Гражданскую власть в лагере отдали почти целиком «старой» эмиграции: лагерфюрером стал бывший ротмистр царской армии Дубинин, его помощниками — бывший прапорщик Климов и повар самого генерала Врангеля Иван Диомидович Веретенников, начальником лагерной «полиции» — старый казачий сотник Поликарпов. Кладовщики, блоковые, канцеляристы, начальники топливно-гужевой службы — все были либо из корпуса генерала Доманова, отъявленные головорезы, либо из Охранного корпуса, мрачные и страшные люди. Исключение составляли молоденькие «устовки», пригретые стариками-белогвардейцами, да фольксдойче Якоб Готтлиб со своим верным рабом Спелышем. Якоба Готтлиба сам майор Джонсон рекомендовал на должность заведующего клубом.
О своем опыте массовика-затейника Якоб Готтлиб будет потом вспоминать с особым выражением на лице. Он создал показательный бизнес — за два месяца превратил клуб в курочку, несущую золотые яйца. Набрал театральную труппу, танцоров, певцов, музыкантов, художников-декораторов. При клубе открыл бар. В баре подавали австрийский фруктовый шнапс и конфеты, пирожки с яблочным повидлом и картошкой.
Всё это приносило ему баснословные барыши. Не нужно было вырезать никаких карточек: пять граммов жиров, двадцать граммов мяса, триста граммов хлеба в день. Карточки нужны для тех, кто проиграл войну. Мы же войну — выиграли. Пей, народ, веселись, пляши краковяк, кружись в вальсах!.. Спелыш, которого Якоб Готтлиб чуть не задушил при первой встрече, с несколькими «друзьями» поддерживал порядок. И не найти было лучшего исполнителя для этой роли.
Беженцы, которых стали называть «перемещенные лица», или сокращенно «ди-пи», изголодались по всему, что хоть как-то относилось к культуре. Они без особого раздумья отдавали Якобу Готтлибу свои шиллинги, краденые вещи, обувь, сигареты (которые одно время ходили наравне с валютой), ювелирные изделия, предметы антиквариата, зная, что будет в этот субботний вечер и на их улице праздник. Драматическая труппа разыгрывала «Короля Лира» и «Бесприданницу», танцоры плясали комаринского, певцы заливались соловьями: «Мой костер в тумане светит…», музыканты потрафляли вкусу майора Джонсона, исполняя на балалайках Эдварда Грига.

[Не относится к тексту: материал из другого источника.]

text \<open>The three cases are the supports reachable from a critical rectangle by one spin flip:
  adding a minus neighbour, raising a rectangle site to \<open>+1\<close>, or lowering it to \<open>-1\<close>.\<close>

lemma excess_energy_ge_4:
  fixes n :: nat and h :: real
  assumes L3: "3 \<le> L" and om: "\<sigma> \<in> Omega L" and small: "card (support L \<sigma>) < L"
    and h: "0 \<le> h" "h \<le> 1" "h * n \<le> 2" and n2: "2 \<le> n"
    and cases: "(card (support L \<sigma>) = n * (n + 1) + 1 \<and> card (plus_sites L \<sigma>) \<le> 1)
      \<or> (card (support L \<sigma>) = n * (n + 1) \<and> card (plus_sites L \<sigma>) = 1)
      \<or> (card (support L \<sigma>) = n * (n + 1) - 1 \<and> card (plus_sites L \<sigma>) = 0)"
  shows "4 \<le> excess_energy h L \<sigma>"
proof -
  let ?S = "support L \<sigma>" and ?P = "plus_sites L \<sigma>"
  define k where "k = card ?S"
  define p where "p = card ?P"
  define r where "r = card (fst ` ?S)"
  define c where "c = card (snd ` ?S)"
  define rp where "rp = card (fst ` ?P)"
  define cp where "cp = card (snd ` ?P)"
  have excess: "excess_energy h L \<sigma> \<ge> 2 * (real r + real c) + 2 * (real rp + real cp) - h * (real k + real p)"
    using excess_energy_ge_projections[OF L3 om small, of h] unfolding k_def p_def r_def c_def rp_def cp_def .
  have kr: "k \<le> r * c" unfolding k_def r_def c_def by (rule card_le_card_fst_times_card_snd) simp
  have hK: "h * real (n * (n + 1)) \<le> 2 * real n + 2" using field_times_critical_area_le[OF h(1,3)] by simp
  from cases[folded k_def p_def] consider (grown) "k = n * (n + 1) + 1" "p \<le> 1" | (raised) "k = n * (n + 1)" "p = 1"
    | (shrunk) "k = n * (n + 1) - 1" "p = 0"
    by blast
  then show ?thesis
  proof cases
    case grown
    have "(2 * n + 1) * (2 * n + 1) < 4 * k" unfolding grown(1) by (simp add: algebra_simps)
    then have "2 * n + 2 \<le> r + c" using square_lt_four_times_imp_lt_add[OF _ kr] by fastforce
    then have rc: "2 * real n + 2 \<le> real r + real c" by linarith
    have "h * real p \<le> h" using grown(2) h(1) mult_left_mono[of "real p" 1 h] by simp
    moreover have "h * (real k + real p) = h * real (n * (n + 1)) + h + h * real p"
      unfolding grown(1) by (simp add: algebra_simps)
    ultimately have "h * (real k + real p) \<le> 2 * real n + 4" using hK h by linarith
    moreover note rc
    moreover have "2 \<le> real n" "0 \<le> real rp + real cp" using n2 by simp_all
    ultimately show ?thesis using excess by argo
  next
    case raised
    have "(2 * n) * (2 * n) < 4 * k" unfolding raised(1) using n2 by (simp add: algebra_simps)
    then have "2 * n + 1 \<le> r + c" using square_lt_four_times_imp_lt_add[OF _ kr] by fastforce
    then have "2 * real n + 1 \<le> real r + real c" by linarith
    moreover have "?P \<noteq> {}" using raised(2) unfolding p_def by auto
    then have "1 \<le> real rp" "1 \<le> real cp" unfolding rp_def cp_def by (auto simp: Suc_le_eq card_gt_0_iff)
    moreover have "h * (real k + real p) = h * real (n * (n + 1)) + h"
      unfolding raised by (simp add: algebra_simps)
    moreover have "2 \<le> real n" using n2 by simp
    ultimately show ?thesis using excess hK h by argo
  next
    case shrunk
    have "k + 1 = n * (n + 1)" using shrunk(1) n2 by (simp add: Suc_le_eq)
    then have "(2 * n) * (2 * n) < 4 * k" using n2 by (simp add: algebra_simps)
    then have "2 * n + 1 \<le> r + c" using square_lt_four_times_imp_lt_add[OF _ kr] by fastforce
    then have "2 * real n + 1 \<le> real r + real c" by linarith
    moreover have "k + p \<le> n * (n + 1)" using shrunk by simp
    then have "h * (real k + real p) \<le> h * real (n * (n + 1))"
      using h(1) by (intro mult_left_mono) (simp_all only: of_nat_add[symmetric] of_nat_le_iff)
    moreover have "2 \<le> real n" "0 \<le> real rp + real cp" using n2 by simp_all
    ultimately show ?thesis using excess hK by argo
  qed
qed

definition rect_config :: "nat \<Rightarrow> nat \<Rightarrow> nat \<Rightarrow> nat \<Rightarrow> nat \<Rightarrow> config" where
  "rect_config L a b w v = (\<lambda>y. if y \<in> torus L then (if y \<in> rect L a b w v then 0 else -1) else 0)"

lemma Rset_imp_rect_config:
  assumes "\<sigma> \<in> Rset h L"
  obtains a b w v where "a < L" "b < L" "(w = n0 h \<and> v = n0 h + 1) \<or> (w = n0 h + 1 \<and> v = n0 h)"
    "\<sigma> = rect_config L a b w v"
proof -
  from assms obtain a b w v where ab: "a < L" "b < L" "(w = n0 h \<and> v = n0 h + 1) \<or> (w = n0 h + 1 \<and> v = n0 h)"
    and om: "\<sigma> \<in> Omega L" and eq: "\<forall>x\<in>torus L. \<sigma> x = (if x \<in> rect L a b w v then 0 else -1)"
    unfolding Rset_def by blast
  have "\<sigma> = rect_config L a b w v"
    using eq Omega_off[OF om] unfolding rect_config_def by auto
  then show ?thesis using ab that by blast
qed

lemma rect_subset_torus: "0 < L \<Longrightarrow> rect L a b w v \<subseteq> torus L"
  unfolding rect_def torus_def by auto

lemma card_rect:
  assumes "w \<le> L" "v \<le> L"
  shows "card (rect L a b w v) = w * v"
proof -
  let ?f = "\<lambda>(i, j). ((a + i) mod L, (b + j) mod L)"
  have "rect L a b w v = ?f ` ({..<w} \<times> {..<v})"
    unfolding rect_def by auto
  moreover have "inj_on ?f ({..<w} \<times> {..<v})"
  proof (rule inj_onI)
    fix p q assume "p \<in> {..<w} \<times> {..<v}" "q \<in> {..<w} \<times> {..<v}" "?f p = ?f q"
    moreover obtain i j i' j' where "p = (i, j)" "q = (i', j')" by fastforce
    ultimately show "p = q"
      using assms add_mod_inj[of i L i' a] add_mod_inj[of j L j' b] by simp
  qed
  ultimately show ?thesis by (simp add: card_image card_cartesian_product)
qed

lemma spin_shift_values:
  "spin_shift 1 (-1) = 0" "spin_shift (-1) (-1) = 1" "spin_shift 1 0 = 1" "spin_shift (-1) 0 = -1"
  unfolding spin_shift_def by simp_all

lemma excess_energy_flip_rect_ge_4:
  fixes h :: real and n :: nat
  assumes L: "n * (n + 1) + 2 \<le> L" and n2: "2 \<le> n" and h: "0 \<le> h" "h \<le> 1" "h * n \<le> 2"
    and wv: "(w = n \<and> v = n + 1) \<or> (w = n + 1 \<and> v = n)"
    and x: "x \<in> torus L" and s: "s \<in> {1, -1}"
  shows "4 \<le> excess_energy h L (flip (rect_config L a b w v) x s)"
proof -
  define R where "R = rect L a b w v"
  define \<tau> where "\<tau> = flip (rect_config L a b w v) x s"
  have L3: "3 \<le> L" and L0: "0 < L" using L n2 by (auto simp: algebra_simps)
  have R: "R \<subseteq> torus L" using rect_subset_torus[OF L0] by (simp add: R_def)
  have "w \<le> L" "v \<le> L" using wv L n2 by (auto simp: algebra_simps)
  then have cR: "card R = n * (n + 1)" unfolding R_def using card_rect wv by auto
  have fR: "finite R" using R by (rule finite_subset) simp
  have \<tau>: "\<tau> y = (if y = x then spin_shift s (if x \<in> R then 0 else -1)
      else if y \<in> torus L then (if y \<in> R then 0 else -1) else 0)" for y
    using x unfolding \<tau>_def flip_def rect_config_def R_def by simp
  have om: "\<tau> \<in> Omega L"
    unfolding Omega_def using x by (auto simp: \<tau> spin_shift_def)
  have ge4: "4 \<le> excess_energy h L \<tau>"
    if "card (support L \<tau>) \<le> n * (n + 1) + 1" and "(card (support L \<tau>) = n * (n + 1) + 1 \<and> card (plus_sites L \<tau>) \<le> 1)
      \<or> (card (support L \<tau>) = n * (n + 1) \<and> card (plus_sites L \<tau>) = 1)
      \<or> (card (support L \<tau>) = n * (n + 1) - 1 \<and> card (plus_sites L \<tau>) = 0)"
    using that L by (intro excess_energy_ge_4[OF L3 om _ h n2]) auto
  consider (outside) "x \<notin> R" | (raise) "x \<in> R" "s = 1" | (lower) "x \<in> R" "s = -1" using s by auto
  then have "4 \<le> excess_energy h L \<tau>"
  proof cases
    case outside
    have "support L \<tau> = insert x R" using R x outside s
      unfolding support_def by (auto simp: \<tau> spin_shift_values)
    moreover have "plus_sites L \<tau> \<subseteq> {x}"
      unfolding plus_sites_def using R by (auto simp: \<tau>)
    then have "card (plus_sites L \<tau>) \<le> 1" using card_mono[of "{x}"] by fastforce
    ultimately show ?thesis using ge4 outside fR cR by simp
  next
    case raise
    have "support L \<tau> = R" "plus_sites L \<tau> = {x}" using R x raise
      unfolding support_def plus_sites_def by (auto simp: \<tau> spin_shift_values)
    then show ?thesis using ge4 cR by simp
  next
    case lower
    have "support L \<tau> = R - {x}" "plus_sites L \<tau> = {}" using R x lower
      unfolding support_def plus_sites_def by (auto simp: \<tau> spin_shift_values)
    then show ?thesis using ge4 cR fR lower by simp
  qed
  then show ?thesis unfolding \<tau>_def .
qed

После культурной части начинались танцы. Водка лилась рекой. Закуска для «ординарных» клиентов подавалась самая обычная: колбаса, сыр, тушенка, ржаной хлеб. Закуска для «особых гостей» была самая изысканная: черепашье мясо из Аргентины, крабы, икра, консервированные ананасы и шоколад из США, маринованные грибы из Испании, маринованные артишоки и пальмовые сердцевины из Франции, швейцарские и итальянские сыры, белые сдобные булки прямиком из пекарни британского гарнизона.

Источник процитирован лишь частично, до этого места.